Rezension zu "V5N6" von Louise Welsh

Wem kann Stevie noch trauen?
YvetteHvor einem Jahr

Klappentext:

Oberflächlich betrachtet hatten die drei Amokläufe in London in diesem heißen Sommer nichts mit den späteren Ereignissen zu tun, aber für Stevie Flint waren sie wie ein Menetekel für das, was noch kommen sollte. Als ihr Freund sie versetzt und sie ihre Sachen aus seiner Wohnung holen will, findet sie ihn tot in seinem Bett. Kurz danach wird sie krank. Hohes Fieber, Erbrechen, Schüttelfrost. Als sie nach Tagen wieder mühsam auf die Beine kommt, hört sie, dass sich in London ein tödliches Virus verbreitet: Am 'Schwitzfieber' sterben die Leute in wenigen Tagen, die Krankenhäuser und Leichenhallen sind bereits überfüllt. Stevie Flint kümmert das nicht, sie hat eine eigene Mission. Auch wenn es in einer Stadt voller Toter nicht nach einem Mord aussieht: Sie ist überzeugt, dass der Tod ihres Freundes Dr. Simon Sharkey weder auf das Virus noch auf Selbstmord zurückzuführen ist und macht sich auf die Suche nach seinem Mörder. Diese wird für sie zu einem Wettlauf gegen den Tod, der mitten ins Herz einer sterbenden Stadt führt. Ein Thriller, der uns an die Zerbrechlichkeit unserer Zivilisation erinnert.

Meine Meinung:

Mit einem flüssigen Schreibstil nimmt die Autorin den Leser mit in ein Szenario, das man sich lieber nicht vorstellen möchte. Die Leute sterben an einem unbekannten Virus und die Chemiker sterben schneller, als sie ein Gegenmittel finden können.

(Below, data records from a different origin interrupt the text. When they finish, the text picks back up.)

lemma swap_eq_replicate:
  assumes "r @ [d] @ replicate m c = replicate t x" and "c \<noteq> d"
  shows "m = 0 \<and> d = x \<and> r = replicate (t - 1) x"
proof -
  have letters: "y = x" if "y \<in> set (r @ [d] @ replicate m c)" for y
    using that assms(1) by (metis in_set_replicate)
  then have "d = x" by simp
  moreover have m: "m = 0" using letters[of c] \<open>d = x\<close> assms(2) by (cases m) auto
  moreover have "r = replicate (t - 1) x"
  proof (rule replicate_eqI)
    show "length r = t - 1" using arg_cong[OF assms(1), of length] m by simp
    show "y = x" if "y \<in> set r" for y using letters that by simp
  qed
  ultimately show ?thesis by blast
qed

lemma dominated_append_pair:
  assumes "c \<noteq> d" and "a \<in> {1..n}" and "b \<in> {1..n}"
    and twice_c: "r @ [d] @ replicate m c @ [c, c] \<in> D"
    and ends_d: "\<And>\<alpha>. \<alpha> \<in> {1..n} \<Longrightarrow> \<alpha> \<noteq> d \<Longrightarrow> r @ [c] @ replicate m d @ [\<alpha>, d] \<in> D"
  shows "dominated D (r @ [c] @ replicate m d @ [a, b])"
proof -
  consider "a \<noteq> d" | "a = d" "b = d" | "a = d" "b \<noteq> d" by blast
  then show ?thesis
  proof cases
    case 1
    then have "(r @ [c] @ replicate m d @ [a]) @ [d] \<in> D" using ends_d \<open>a \<in> {1..n}\<close> by simp
    from dominated_snoc[OF this, of b] show ?thesis by simp
  next
    case 2
    have "r @ [d] @ replicate (m + 2) c \<in> D" using twice_c unfolding replicate_add_two by simp
    from dominated_swap[OF this] show ?thesis using 2 unfolding replicate_add_two by simp
  next
    case 3
    then have "(r @ [c] @ replicate m d) @ [b] @ replicate 1 d \<in> D" using ends_d \<open>b \<in> {1..n}\<close> by simp
    from dominated_swap[OF this] show ?thesis using 3 by simp
  qed
qed

lemma Dset_1: "Dset n 1 = {[1]}"
  by simp

lemma Dset_2: "Dset n 2 = {[a, 1] | a. a \<in> {1..n}}"
  by (simp add: numeral_2_eq_2)

lemma Dset_add_two:
  "Dset n (t + 2) =
    (if odd t then E1 n (replicate t 1) \<union> E2 n (replicate t 1)
     else {replicate t 1 @ [a, 1] | a. a \<in> {1..n}}) \<union>
    (\<Union>v \<in> Dset n t - {replicate t 1}. E1 n v \<union> E2 n v \<union> E3 n v)"
  by (cases t) (simp_all add: Let_def)

lemma Dset_mem_imp_ge_1: "v \<in> Dset n t \<Longrightarrow> t \<ge> 1"
  by (cases t) simp_all

lemma E_subset_Dset_add_two:
  assumes "v \<in> Dset n t" "v \<noteq> replicate t 1"
  shows "E1 n v \<union> E2 n v \<union> E3 n v \<subseteq> Dset n (t + 2)"
  unfolding Dset_add_two using assms by blast

lemma E1_E2_subset_Dset_add_two:
  assumes "v \<in> Dset n t" "v \<noteq> replicate t 1 \<or> odd t"
  shows "E1 n v \<union> E2 n v \<subseteq> Dset n (t + 2)"
proof (cases "v = replicate t 1")
  case True
  with assms(2) have "odd t" by blast
  with True show ?thesis unfolding Dset_add_two by simp
next
  case False
  then show ?thesis using E_subset_Dset_add_two[OF assms(1)] by blast
qed

lemma Dset_even_mem:
  assumes "even t" "t \<ge> 2" "a \<in> {1..n}"
  shows "replicate (t - 2) 1 @ [a, 1] \<in> Dset n t"
proof -
  have "t = (t - 2) + 2" "even (t - 2)" using assms(1,2) by auto
  then show ?thesis using assms(3) Dset_add_two[of n "t - 2"] by auto
qed

lemma Dset_add_two_cases:
  assumes "w \<in> Dset n (t + 2)"
  obtains (const_E1) "odd t" "w \<in> E1 n (replicate t 1)"
    | (const_E2) "odd t" "w \<in> E2 n (replicate t 1)"
    | (const_pair) a where "even t" "a \<in> {1..n}" "w = replicate t 1 @ [a, 1]"
    | (E) v where "v \<in> Dset n t" "v \<noteq> replicate t 1" "w \<in> E1 n v \<union> E2 n v \<union> E3 n v"
  using assms that unfolding Dset_add_two by (cases "odd t") auto

lemma nat_induct_add_two_from_one [consumes 1, case_names one two add_two]:
  fixes t :: nat
  assumes "1 \<le> t" and "P 1" and "P 2" and "\<And>t. 1 \<le> t \<Longrightarrow> P t \<Longrightarrow> P (t + 2)"
  shows "P t"
proof -
  have "P (m + 1)" for m
  proof (induction m rule: nat_induct2)
    case (step m)
    then show ?case using assms(4)[of "m + 1"] by (simp add: ac_simps)
  qed (use assms(2,3) in \<open>simp_all add: numeral_2_eq_2\<close>)
  from this[of "t - 1"] show ?thesis using assms(1) by simp
qed

lemma E1_const_or_nonconstant:
  assumes "v = replicate t 1 \<or> nonconstant v" and "t \<ge> 1" and "w \<in> E1 n v"
  shows "w = replicate (t + 2) 1 \<or> nonconstant w"
proof -
  from assms(3) obtain a where w: "w = v @ [a, a]" unfolding E1_def by blast
  consider "nonconstant v" | "v = replicate t 1" "a = 1" | "v = replicate t 1" "a \<noteq> 1"
    using assms(1) by fast
  then show ?thesis
  proof cases
    case 1
    then show ?thesis using w nonconstant_append_left by blast
  next
    case 2
    then show ?thesis using w unfolding replicate_add_two by simp
  next
    case 3
    obtain t' where "t = Suc t'" using assms(2) by (cases t) auto
    then have "w = replicate t' 1 @ [1, a] @ [a]"
      using w 3(1) by (simp add: replicate_append_same)
    moreover have "nonconstant (replicate t' 1 @ [1, a] @ [a])"
      by (rule nonconstant_append_pair) (use 3(2) in simp)
    ultimately show ?thesis by simp
  qed
qed

lemma E2_nonconstant: "w \<in> E2 n v \<Longrightarrow> nonconstant w"
proof -
  assume "w \<in> E2 n v"
  then obtain a b where "w = (butlast v @ [a]) @ [b, last v] @ []" "b \<noteq> last v"
    unfolding E2_def by auto
  then show ?thesis using nonconstant_append_pair by metis
qed
lemma colour_separating_no_colour_once:
  assumes "colour_separating E c"
  shows "no_colour_once_on_cycles E c"
  unfolding no_colour_once_on_cycles_def
proof (intro allI impI notI)
  fix vs l col
  assume cyc: "is_cycle E vs l" and once: "card {e \<in> cycle_edges vs l. c e = col} = 1"
  have l: "3 \<le> l" and inj: "inj_on vs {0..<l}" and edge: "\<And>i. i < l \<Longrightarrow> {vs i, vs ((i + 1) mod l)} \<in> E"
    using cyc unfolding is_cycle_def by auto
  obtain e where e: "{e \<in> cycle_edges vs l. c e = col} = {e}"
    using once card_1_singletonE by blast
  then obtain i where i: "i < l" "e = {vs i, vs ((i + 1) mod l)}" "c e = col"
    unfolding cycle_edges_def by blast
  have other: "c {vs j, vs ((j + 1) mod l)} \<noteq> col" if "j < l" "j \<noteq> i" for j
  proof
    assume "c {vs j, vs ((j + 1) mod l)} = col"
    then have "{vs j, vs ((j + 1) mod l)} \<in> {e \<in> cycle_edges vs l. c e = col}"
      using that(1) unfolding cycle_edges_def by blast
    then show False
      using e i(2) cycle_edges_distinct[OF l inj i(1) that(1)] that(2) by auto
  qed
  have "(vs ((i + 1) mod l), vs i) \<in> (avoid_colour E c col)\<^sup>*"
    using cyc i(1) other by (rule cycle_avoid_colour_path)
  moreover have "{vs ((i + 1) mod l), vs i} \<in> E" "c {vs ((i + 1) mod l), vs i} = col"
    using edge[OF i(1)] i by (auto simp: insert_commute)
  ultimately show False
    using assms unfolding colour_separating_def by blast
qed

locale construction_step =
  fixes V0 :: "'a set" and E0 :: "'a set set" and r :: nat and \<iota> :: "nat \<Rightarrow> 'a"
    and EH :: "'b set set" and lab :: "'b set \<Rightarrow> 'b \<Rightarrow> nat" and T :: "'c set" and \<nu> :: "'c \<Rightarrow> 'b"
    and GV :: "'b set \<Rightarrow> 'c set" and GE :: "'b set \<Rightarrow> 'c set set" and \<psi> :: "'b set \<Rightarrow> 'a \<Rightarrow> 'c"
    and E :: "'c set set"
  assumes iota_bij: "bij_betw \<iota> {1..r} V0"
    and bridgeless: "bridgeless_closed_walks EH lab"
    and lab_bij: "F \<in> EH \<Longrightarrow> bij_betw (lab F) F {1..r}"
    and nu_inj: "inj_on \<nu> T"
    and copy_simple: "F \<in> EH \<Longrightarrow> simple_graph (GV F) (GE F)"
    and copy_iso: "F \<in> EH \<Longrightarrow> graph_iso (\<psi> F) V0 E0 (GV F) (GE F)"
    and copy_disjoint_T: "F \<in> EH \<Longrightarrow> GV F \<inter> T = {}"
    and copies_disjoint: "F \<in> EH \<Longrightarrow> F' \<in> EH \<Longrightarrow> F \<noteq> F' \<Longrightarrow> GV F \<inter> GV F' = {}"
    and E_eq: "E = (\<Union>F\<in>EH. GE F) \<union>
      {{\<psi> F (\<iota> i), t} | F i t. F \<in> EH \<and> t \<in> T \<and> \<nu> t \<in> F \<and> lab F (\<nu> t) = i}"
begin

definition partner :: "'b set \<Rightarrow> 'c \<Rightarrow> 'c" where
  "partner F t = \<psi> F (\<iota> (lab F (\<nu> t)))"

lemma GV_unique: "F \<in> EH \<Longrightarrow> F' \<in> EH \<Longrightarrow> p \<in> GV F \<Longrightarrow> p \<in> GV F' \<Longrightarrow> F = F'"
  using copies_disjoint by blast

lemma psi_in_GV: "F \<in> EH \<Longrightarrow> x \<in> V0 \<Longrightarrow> \<psi> F x \<in> GV F"
  using copy_iso unfolding graph_iso_def by (meson bij_betw_apply)

lemma psi_notin_T: "F \<in> EH \<Longrightarrow> x \<in> V0 \<Longrightarrow> \<psi> F x \<notin> T"
  using psi_in_GV copy_disjoint_T by blast

lemma psi_inj:
  "F \<in> EH \<Longrightarrow> F' \<in> EH \<Longrightarrow> x \<in> V0 \<Longrightarrow> y \<in> V0 \<Longrightarrow> \<psi> F x = \<psi> F' y \<Longrightarrow> F = F' \<and> x = y"
  using GV_unique psi_in_GV copy_iso unfolding graph_iso_def bij_betw_def by (metis inj_onD)

lemma iota_lab_in_V0: "F \<in> EH \<Longrightarrow> v \<in> F \<Longrightarrow> \<iota> (lab F v) \<in> V0"
  using lab_bij iota_bij by (meson bij_betw_apply)

lemma partner_in_GV: "F \<in> EH \<Longrightarrow> \<nu> t \<in> F \<Longrightarrow> partner F t \<in> GV F"
  unfolding partner_def using psi_in_GV iota_lab_in_V0 by blast

lemma partner_notin_T: "F \<in> EH \<Longrightarrow> \<nu> t \<in> F \<Longrightarrow> partner F t \<notin> T"
  using partner_in_GV copy_disjoint_T by blast

lemma partner_inj:
  assumes "F \<in> EH" "t \<in> T" "t' \<in> T" "\<nu> t \<in> F" "\<nu> t' \<in> F" "partner F t = partner F t'"
  shows "t = t'"
proof -
  have "\<iota> (lab F (\<nu> t)) = \<iota> (lab F (\<nu> t'))"
    using assms psi_inj iota_lab_in_V0 unfolding partner_def by blast
  then have "lab F (\<nu> t) = lab F (\<nu> t')"
    using assms(1,4,5) lab_bij iota_bij by (metis bij_betw_apply bij_betw_imp_inj_on inj_onD)
  then show ?thesis
    using assms(1-5) lab_bij nu_inj by (metis bij_betw_imp_inj_on inj_onD)
qed

lemma copy_edgeE:
  assumes "F \<in> EH" "e \<in> GE F"
  obtains x y where "x \<in> V0" "y \<in> V0" "{x, y} \<in> E0" "e = {\<psi> F x, \<psi> F y}"
proof -
  have "GV F = \<psi> F ` V0" and iso: "\<forall>x\<in>V0. \<forall>y\<in>V0. {x, y} \<in> E0 \<longleftrightarrow> {\<psi> F x, \<psi> F y} \<in> GE F"
    using copy_iso[OF assms(1)] unfolding graph_iso_def bij_betw_def by auto
  moreover obtain p q where "p \<in> GV F" "q \<in> GV F" "e = {p, q}"
    using copy_simple[OF assms(1)] assms(2) unfolding simple_graph_def by blast
  ultimately obtain x y where "x \<in> V0" "y \<in> V0" "e = {\<psi> F x, \<psi> F y}"
    by (metis imageE)
  with iso assms(2) that show ?thesis by simp
qed

lemma edgeE:
  assumes "e \<in> E"
  obtains (copy) F x y where "F \<in> EH" "x \<in> V0" "y \<in> V0" "{x, y} \<in> E0" "e = {\<psi> F x, \<psi> F y}"
    | (matching) F t where "F \<in> EH" "t \<in> T" "\<nu> t \<in> F" "e = {partner F t, t}"
proof -
  from assms consider F where "F \<in> EH" "e \<in> GE F"
    | F t where "F \<in> EH" "t \<in> T" "\<nu> t \<in> F" "e = {partner F t, t}"
    unfolding E_eq partner_def by blast
  then show ?thesis
    by cases (metis copy_edgeE that)+
qed

lemma adjacentE:
  assumes "{z, z'} \<in> E"
  obtains (copy) F x y where "F \<in> EH" "x \<in> V0" "y \<in> V0" "{x, y} \<in> E0" "z = \<psi> F x" "z' = \<psi> F y"
    | (enter) F t where "F \<in> EH" "t \<in> T" "\<nu> t \<in> F" "z = t" "z' = partner F t"
    | (leave) F t where "F \<in> EH" "t \<in> T" "\<nu> t \<in> F" "z = partner F t" "z' = t"
  using assms
proof (cases rule: edgeE)
  case (copy F x y)
  have "{y, x} \<in> E0"
    using copy(4) by (simp add: insert_commute)
  moreover have "z = \<psi> F x \<and> z' = \<psi> F y \<or> z = \<psi> F y \<and> z' = \<psi> F x"
    using copy(5) by (simp add: doubleton_eq_iff)
  ultimately show ?thesis
    using that(1) copy(1-4) by metis
next
  case (matching F t)
  then have "z = partner F t \<and> z' = t \<or> z = t \<and> z' = partner F t"
    by (simp add: doubleton_eq_iff)
  then show ?thesis
    using that(2,3) matching(1-3) by metis
qed

lemma copy_edges_meet:
  assumes "F \<in> EH" "F' \<in> EH" "x \<in> V0" "y \<in> V0" "x' \<in> V0" "y' \<in> V0"
    and "e = {\<psi> F x, \<psi> F y}" "e' = {\<psi> F' x', \<psi> F' y'}" "e \<noteq> e'" "e \<inter> e' \<noteq> {}"
  shows "{x, y} \<noteq> {x', y'}" "{x, y} \<inter> {x', y'} \<noteq> {}"
proof -
  obtain p where "p \<in> e" "p \<in> e'"
    using assms(10) by blast
  then obtain a b where "a \<in> {x, y}" "b \<in> {x', y'}" "\<psi> F a = \<psi> F' b"
    using assms(7,8) by blast
  moreover have "a \<in> V0" "b \<in> V0"
    using \<open>a \<in> {x, y}\<close> \<open>b \<in> {x', y'}\<close> assms(3-6) by auto
  ultimately have "F = F'" "a = b"
    using psi_inj[of F F' a b] assms(1,2) by simp_all
  have "e = \<psi> F ` {x, y}" "e' = \<psi> F' ` {x', y'}"
    using assms(7,8) by simp_all
  then show "{x, y} \<noteq> {x', y'}"
    using assms(9) \<open>F = F'\<close> by metis
  show "{x, y} \<inter> {x', y'} \<noteq> {}"
    using \<open>a \<in> {x, y}\<close> \<open>b \<in> {x', y'}\<close> \<open>a = b\<close> by blast
qed

lemma matching_edges_meet:
  assumes "F \<in> EH" "F' \<in> EH" "t \<in> T" "t' \<in> T" "\<nu> t \<in> F" "\<nu> t' \<in> F'"
    and "{partner F t, t} \<noteq> {partner F' t', t'}" "{partner F t, t} \<inter> {partner F' t', t'} \<noteq> {}"
  shows "F \<noteq> F'"
proof
  assume "F = F'"
  have "partner F t \<notin> T" "partner F t' \<notin> T"
    using partner_notin_T assms(1,5,6) \<open>F = F'\<close> by simp_all
  then have "t = t'"
    using partner_inj[of F t t'] assms \<open>F = F'\<close> by auto
  then show False
    using assms(7) \<open>F = F'\<close> by simp
qed

end

locale construction_step_colouring = construction_step +
  fixes c0 :: "'a set \<Rightarrow> nat" and idx :: "'b set \<Rightarrow> nat"
  assumes c0_proper: "proper_edge_colouring E0 c0"
    and c0_separating: "colour_separating E0 c0"
    and idx_inj: "inj_on idx EH"
begin

definition copy_of :: "'c set \<Rightarrow> 'b set" where
  "copy_of e = (THE F. F \<in> EH \<and> e \<inter> GV F \<noteq> {})"

definition colouring :: "'c set \<Rightarrow> nat" where
  "colouring e = (if e \<inter> T = {} then 2 * c0 (inv_into V0 (\<psi> (copy_of e)) ` e) else Suc (2 * idx (copy_of e)))"

lemma copy_of_eq: "F \<in> EH \<Longrightarrow> e \<subseteq> GV F \<union> T \<Longrightarrow> e \<inter> GV F \<noteq> {} \<Longrightarrow> copy_of e = F"
  unfolding copy_of_def using GV_unique copy_disjoint_T by (intro the_equality) blast+

lemma colouring_copy:
  assumes "F \<in> EH" "x \<in> V0" "y \<in> V0"
  shows "colouring {\<psi> F x, \<psi> F y} = 2 * c0 {x, y}"
proof -
  have "copy_of {\<psi> F x, \<psi> F y} = F"
    using assms psi_in_GV by (intro copy_of_eq) auto
  moreover have "inj_on (\<psi> F) V0"
    using copy_iso[OF assms(1)] unfolding graph_iso_def bij_betw_def by blast
  ultimately show ?thesis
    using assms psi_notin_T unfolding colouring_def by auto
qed

lemma colouring_matching:
  assumes "F \<in> EH" "t \<in> T" "\<nu> t \<in> F"
  shows "colouring {partner F t, t} = Suc (2 * idx F)"
proof -
  have "copy_of {partner F t, t} = F"
    using assms partner_in_GV by (intro copy_of_eq) auto
  then show ?thesis
    using assms unfolding colouring_def by auto
qed

lemma proper_colouring: "proper_edge_colouring E colouring"
  unfolding proper_edge_colouring_def
proof (intro ballI impI)
  fix e e' assume "e \<in> E" "e' \<in> E" and meet: "e \<noteq> e' \<and> e \<inter> e' \<noteq> {}"
  from \<open>e \<in> E\<close> \<open>e' \<in> E\<close> show "colouring e \<noteq> colouring e'"
  proof (cases rule: edgeE[case_product edgeE])
    case (copy_copy F x y F' x' y')
    then have "{x, y} \<noteq> {x', y'}" "{x, y} \<inter> {x', y'} \<noteq> {}"
      using copy_edges_meet[of F F' x y x' y' e e'] meet by blast+
    then have "c0 {x, y} \<noteq> c0 {x', y'}"
      using c0_proper \<open>{x, y} \<in> E0\<close> \<open>{x', y'} \<in> E0\<close> unfolding proper_edge_colouring_def by simp
    then show ?thesis
      using colouring_copy copy_copy by simp
  next
    case (copy_matching F x y F' t')
    then have "colouring e = 2 * c0 {x, y}" "colouring e' = Suc (2 * idx F')"
      using colouring_copy colouring_matching by simp_all
    then show ?thesis by presburger
  next
    case (matching_copy F t F' x' y')
    then have "colouring e = Suc (2 * idx F)" "colouring e' = 2 * c0 {x', y'}"
      using colouring_copy colouring_matching by simp_all
    then show ?thesis by presburger
  next
    case (matching_matching F t F' t')
    then have "F \<noteq> F'"
      using matching_edges_meet[of F F' t t'] meet by blast
    then show ?thesis
      using colouring_matching matching_matching idx_inj by (auto dest: inj_onD)
  qed
qed

definition label_conn :: "nat \<Rightarrow> nat \<Rightarrow> nat \<Rightarrow> bool" where
  "label_conn k i j \<longleftrightarrow> (\<iota> i, \<iota> j) \<in> (avoid_colour E0 c0 k)\<^sup>*"
text \<open>Let q = sup q_i and let A be the survival event. Given Z_t = x with x nonempty, the process
  dies out only if the line of descent of every individual of x dies out; these lines are
  independent, so P(extinction | Z_t = x) <= q_i <= q for any type i occurring in x. Hence
  (1 - q) E(g(Z_t)) <= E(g(Z_t); A) <= E(g(Z_t)) for every bounded g >= 0 vanishing on the empty
  population. Taking g = |x|^(-r) bounds the numerators and g = 1{x nonempty} the denominators
  of the two conditional expectations, and dividing gives both inequalities.\<close>

text \<open>With countable multisets, finite paths of populations form a countable type, so the law
  of a path is determined by its point masses.\<close>

instance multiset :: (countable) countable
proof (rule countable_classI[of "\<lambda>M. to_nat (sorted_list_of_multiset (image_mset to_nat M))"])
  fix x y :: "'a multiset"
  assume "to_nat (sorted_list_of_multiset (image_mset to_nat x))
        = to_nat (sorted_list_of_multiset (image_mset to_nat y))"
  then have "image_mset to_nat x = image_mset to_nat y"
    by (metis to_nat_split mset_sorted_list_of_multiset)
  then show "x = y"
    by (metis inj_def inj_to_nat multiset.inj_map_strong)
qed

definition conv_pmf :: "'a::comm_monoid_add pmf \<Rightarrow> 'a pmf \<Rightarrow> 'a pmf" where
  "conv_pmf P Q = bind_pmf P (\<lambda>a. bind_pmf Q (\<lambda>b. return_pmf (a + b)))"

lemma conv_pmf_commute: "conv_pmf P Q = conv_pmf Q P"
  unfolding conv_pmf_def by (subst bind_commute_pmf) (simp add: add.commute)

lemma conv_pmf_assoc: "conv_pmf (conv_pmf P Q) R = conv_pmf P (conv_pmf Q R)"
  unfolding conv_pmf_def by (simp add: bind_assoc_pmf bind_return_pmf add.assoc)

lemma conv_pmf_return_0: "conv_pmf (return_pmf 0) P = P"
  unfolding conv_pmf_def by (simp add: bind_return_pmf bind_return_pmf')

lemma pmf_conv_pmf_empty: "pmf (conv_pmf P Q) {#} = pmf P {#} * pmf Q {#}"
proof -
  have "conv_pmf P Q = map_pmf (\<lambda>(a, b). a + b) (pair_pmf P Q)"
    by (simp add: conv_pmf_def pair_pmf_def map_pmf_def bind_assoc_pmf bind_return_pmf)
  moreover have "(\<lambda>(a, b). a + b) -` {{#}} = {({#}, {#})}"
    by auto
  ultimately have "pmf (conv_pmf P Q) {#} = measure_pmf.prob (pair_pmf P Q) {({#}, {#})}"
    by (metis pmf_map)
  then show ?thesis
    by (simp add: measure_pmf_single pmf_pair)
qed

lemma offspring_list_Cons: "offspring_list p (i # is) = conv_pmf (p i) (offspring_list p is)"
  by (simp add: conv_pmf_def)

lemma offspring_list_append:
  "offspring_list p (xs @ ys) = conv_pmf (offspring_list p xs) (offspring_list p ys)"
  by (induction xs)
    (simp_all add: offspring_list_Cons conv_pmf_return_0 conv_pmf_assoc del: offspring_list.simps(2))

lemma offspring_list_mset_eq:
  "mset xs = mset ys \<Longrightarrow> offspring_list p xs = offspring_list p ys"
proof (induction xs arbitrary: ys)
  case Nil
  then show ?case by simp
next
  case (Cons x xs)
  then obtain ys1 ys2 where ys: "ys = ys1 @ x # ys2"
    by (metis list.set_intros(1) set_mset_mset split_list)
  with Cons have IH: "offspring_list p xs = offspring_list p (ys1 @ ys2)"
    by simp
  have "offspring_list p ys
      = conv_pmf (offspring_list p ys1) (conv_pmf (p x) (offspring_list p ys2))"
    by (simp add: ys offspring_list_append offspring_list_Cons del: offspring_list.simps(2))
  also have "\<dots> = conv_pmf (p x) (conv_pmf (offspring_list p ys1) (offspring_list p ys2))"
    by (metis conv_pmf_assoc conv_pmf_commute)
  also have "\<dots> = offspring_list p (x # xs)"
    by (simp add: IH offspring_list_append offspring_list_Cons del: offspring_list.simps(2))
  finally show ?case by simp
qed

lemma next_gen_add: "next_gen p (a + b) = conv_pmf (next_gen p a) (next_gen p b)"
  unfolding next_gen_def
  by (subst offspring_list_append[symmetric], rule offspring_list_mset_eq) simp

lemma next_gen_empty: "next_gen p {#} = return_pmf {#}"
  by (simp add: next_gen_def)

lemma gen_law_add: "gen_law p (a + b) s = conv_pmf (gen_law p a s) (gen_law p b s)"
proof (induction s)
  case 0
  then show ?case by (simp add: conv_pmf_def bind_return_pmf)
next
  case (Suc s)
  have "gen_law p (a + b) (Suc s)
      = bind_pmf (gen_law p a s) (\<lambda>x. bind_pmf (gen_law p b s) (\<lambda>y.
          conv_pmf (next_gen p x) (next_gen p y)))"
    by (simp add: Suc conv_pmf_def bind_assoc_pmf bind_return_pmf next_gen_add)
  also have "\<dots> = conv_pmf (gen_law p a (Suc s)) (gen_law p b (Suc s))"
    unfolding conv_pmf_def gen_law.simps bind_assoc_pmf
    by (rule bind_pmf_cong[OF refl], subst bind_commute_pmf, rule refl)
  finally show ?case .
qed

lemma pmf_gen_law_le_ext_prob: "pmf (gen_law p {#i#} s) {#} \<le> ext_prob p i"
  unfolding ext_prob_def measure_pmf_single[symmetric]
  by (rule cSUP_upper) (auto intro!: bdd_aboveI[where M=1])

lemma pmf_gen_law_extinct_le:
  assumes "x \<noteq> {#}" "set_mset x \<subseteq> S" "\<forall>i\<in>S. ext_prob p i \<le> q"
  shows "pmf (gen_law p x s) {#} \<le> q"
proof -
  obtain i where i: "i \<in># x"
    using assms(1) by (meson multiset_nonemptyE)
  then have "pmf (gen_law p x s) {#}
      = pmf (gen_law p {#i#} s) {#} * pmf (gen_law p (x - {#i#}) s) {#}"
    by (metis gen_law_add pmf_conv_pmf_empty insert_DiffM add_mset_add_single add.commute)
  also have "\<dots> \<le> pmf (gen_law p {#i#} s) {#}"
    by (simp add: mult_left_le pmf_le_1)
  also have "\<dots> \<le> q"
    using pmf_gen_law_le_ext_prob[of p i s] i assms(2,3) by fastforce
  finally show ?thesis .
qed

lemma offspring_list_types:
  assumes "set is \<subseteq> S" "\<forall>i\<in>S. \<forall>x\<in>set_pmf (p i). set_mset x \<subseteq> S"
    and "y \<in> set_pmf (offspring_list p is)"
  shows "set_mset y \<subseteq> S"
  using assms by (induction "is" arbitrary: y) (auto, blast+)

Hauptprotagonistin Stevie überlebt das Virus und wird von einer anderen Wahrheit getrieben. Sie ist gut ausgearbeitet und ich konnte sie mir gut vorstellen und in sie hineinversetzen. Die Nebencharaktere blieben dagegen ein wenig farblos - mir fehlten einfach Charaktereigenschaften.

Die Handlung ist teilweise verwirrend, aber trotzdem nachvollziehbar. Mit einem Spannungsbogen bis zum Schluss hielt die Autorin mich in ihrem Bann. Es gibt viel Action und wenig Langeweile.

Mein Fazit:

Ein guter Endzeitthriller, den ich gerne weiterempfehle. Von mir gibt es

4 Sterne.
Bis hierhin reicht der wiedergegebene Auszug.